Biochemical analysis
Acetylcholinesterase (AChE) inhibitory assay
A mixture of penile tissue homogenate (200 μL), 5,5′-dithio-bis-(2-nitrobenzoic) acid [3.3 mM, 100 μL) and 0.1 M phosphate buffer (pH 8.0) was incubated for 20 min at 25 °C, after which acetylthiocholine iodide was added. The absorbance of the mixture was measured at 412 nm immediately after the addition of the substrate [25]. AChE activity was calculated with respect to the total protein. The specific activity of AChE was expressed as µmol. AChE/h/mg protein.

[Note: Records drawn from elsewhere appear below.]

(* Let $E$ be a $C$-pseudo-cone. Then $E$ is a $C$-asymptotic set if and only if $h_E(v)=0$ for all $v\in\partial\Omega_{C^\circ}$.
   Context: $C\subset\mathbb{R}^n$ ($n\ge2$) is a pointed closed convex cone with nonempty interior; $C^\circ$ its polar cone; $\partial\Omega_{C^\circ}=\mathbb{S}^{n-1}\cap\partial C^\circ$. A $C$-pseudo-cone is a nonempty closed convex set $E$ with $o\notin E$, $\lambda x\in E$ for all $x\in E,\lambda\ge1$, and recession cone equal to $C$. A $C$-asymptotic set is an unbounded closed convex set $\mathbb{A}\subset C$ with nonempty interior and $o\notin\mathbb{A}$ such that $\lim_{x\in\partial\mathbb{A},|x|\to\infty}d(x,\partial C)=0$. $h_E(v)=\sup_{x\in E}\langle x,v\rangle$. *)

theory Defs
  imports "HOL-Analysis.Analysis"
begin

definition pointed_convex_cone :: "'a::euclidean_space set \<Rightarrow> bool" where
  "pointed_convex_cone C \<longleftrightarrow> cone C \<and> convex C \<and> closed C \<and> interior C \<noteq> {}
     \<and> C \<inter> uminus ` C = {0}"

definition polar_cone :: "'a::euclidean_space set \<Rightarrow> 'a set" where
  "polar_cone C = {v. \<forall>x\<in>C. x \<bullet> v \<le> 0}"

definition recession_cone :: "'a::euclidean_space set \<Rightarrow> 'a set" where
  "recession_cone E = {y. \<forall>x\<in>E. \<forall>t::real. t \<ge> 0 \<longrightarrow> x + t *\<^sub>R y \<in> E}"

definition pseudo_cone :: "'a::euclidean_space set \<Rightarrow> 'a set \<Rightarrow> bool" where
  "pseudo_cone C E \<longleftrightarrow> E \<noteq> {} \<and> closed E \<and> convex E \<and> 0 \<notin> E
     \<and> (\<forall>x\<in>E. \<forall>l::real. l \<ge> 1 \<longrightarrow> l *\<^sub>R x \<in> E)
     \<and> recession_cone E = C"

definition asymptotic_set :: "'a::euclidean_space set \<Rightarrow> 'a set \<Rightarrow> bool" where
  "asymptotic_set C A \<longleftrightarrow> \<not> bounded A \<and> closed A \<and> convex A \<and> A \<subseteq> C
     \<and> interior A \<noteq> {} \<and> 0 \<notin> A
     \<and> (\<forall>\<epsilon>>0. \<exists>R. \<forall>x\<in>frontier A. norm x > R \<longrightarrow> infdist x (frontier C) < \<epsilon>)"

definition support_fun :: "'a::euclidean_space set \<Rightarrow> 'a \<Rightarrow> real" where
  "support_fun E v = (SUP x\<in>E. x \<bullet> v)"

end

theory Submission
  imports Defs
begin

text \<open>
  A pseudo-cone satisfies \<open>E + C \<subseteq> E \<subseteq> C\<close>, so every unit outer normal \<open>w\<close> of \<open>E\<close> lies in
  the polar cone, and a boundary point \<open>x\<close> of \<open>E\<close> with normal \<open>w\<close> is within distance
  \<open>-x\<bullet>w\<close> of the boundary of \<open>C\<close>. If \<open>h\<^sub>E\<close> vanishes on the unit sphere of the boundary of
  the polar cone, the compact set of unit normals \<open>w\<close> with \<open>h\<^sub>E(w) \<le> -\<epsilon>\<close> lies in the interior
  of the polar cone, where \<open>x\<bullet>w \<le> -c|x|\<close> uniformly on \<open>C\<close>; so far out on the boundary of \<open>E\<close>
  the normals satisfy \<open>-x\<bullet>w < \<epsilon>\<close>. Conversely, if \<open>h\<^sub>E(v) < 0\<close> for a boundary direction \<open>v\<close>,
  pick \<open>u \<in> C - {0}\<close> with \<open>u\<bullet>v = 0\<close>: the boundary points of \<open>E\<close> on the segments from \<open>tu\<close>
  to \<open>tu + x\<^sub>0\<close>, \<open>x\<^sub>0\<close> interior to \<open>E\<close>, escape to infinity while staying a fixed depth
  inside \<open>C\<close>.
\<close>

text \<open>\<open>z + t x\<close> is the limit, as \<open>a \<rightarrow> 0\<^sup>+\<close>, of the convex combinations
  \<open>(1 - a) z + a ((1 + t/a) x)\<close>.\<close>

lemma scaling_closed_point_in_recession_cone:
  fixes E :: "'a::real_normed_vector set"
  assumes "closed E" "convex E" "\<forall>x\<in>E. \<forall>l::real. l \<ge> 1 \<longrightarrow> l *\<^sub>R x \<in> E"
    and "x \<in> E" "z \<in> E" "t \<ge> 0"
  shows "z + t *\<^sub>R x \<in> E"
proof (rule Lim_in_closed_set[OF \<open>closed E\<close>])
  show "((\<lambda>a. z + t *\<^sub>R x + a *\<^sub>R (x - z)) \<longlongrightarrow> z + t *\<^sub>R x) (at_right 0)"
  proof -
    have "((\<lambda>a::real. a *\<^sub>R (x - z)) \<longlongrightarrow> 0 *\<^sub>R (x - z)) (at_right 0)"
      by (intro tendsto_intros)
    then show ?thesis
      using tendsto_add[OF tendsto_const] by fastforce
  qed
  have "z + t *\<^sub>R x + a *\<^sub>R (x - z) \<in> E" if "0 < a" "a < 1" for a
  proof -
    have "(1 + t / a) *\<^sub>R x \<in> E"
      using assms(3,4,6) that by simp
    then have "(1 - a) *\<^sub>R z + a *\<^sub>R ((1 + t / a) *\<^sub>R x) \<in> E"
      using convexD[OF \<open>convex E\<close> \<open>z \<in> E\<close>, of _ "1 - a" a] that
      by (simp del: scaleR_scaleR)
    then show ?thesis
      using that by (simp add: algebra_simps)
  qed
  then show "\<forall>\<^sub>F a in at_right 0. z + t *\<^sub>R x + a *\<^sub>R (x - z) \<in> E"
    unfolding eventually_at_right_field by (auto intro!: exI[of _ 1])
qed simp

Phosphodiesterase-5 (PDE-5) activity assay
The penile tissue was prepared with 0.1 M Tris–HCl buffer containing 1 mM CaCl2 and 50 mM NaCl (pH 8.0). The reaction mixture containing 5 mM of the substrate (p-nitrophenyl phenylphosphonate), penile homogenate, 20 mM Tris buffer (pH 8.0), was incubated at 37 °C for 10 min. The intensity of p-nitrophenol produced was measured as change in absorbance after 5 min at 400 nm [26]. The specific activity of PDE-5 was calculated and expressed as µmol./min/mg protein.
Arginase activity assay
In brief, the arginase activity in penile homogenate was firstly activated by adding Tris–HCl (75 μL, 50 mmol/l, pH 7.5) containing 10 mmol/l MnCl2, which was preincubated for 10 min at body temperature, followed by catalyzing the L-arginine by arginase by incubating the mixture containing activated arginase, L-arginine (50 μL, 0.5 mol/l, pH 9.7) 1 h. This was halted by adding 400 μL of the acid solution mixture [H2SO4/H3PO4/H2O at ratio 1:3:7 (v/v/v)]. For the development of urea concentration, α-isonitrosopropiophenone (25 μL 9% in absolute ethanol) was then added and the mixture was heated at 100 °C for 45 min [27]. The urea concentration was determined spectrophotometrically at 550 nm measured the amount of urea produced, after normalization with protein, was used as an index for arginase activity.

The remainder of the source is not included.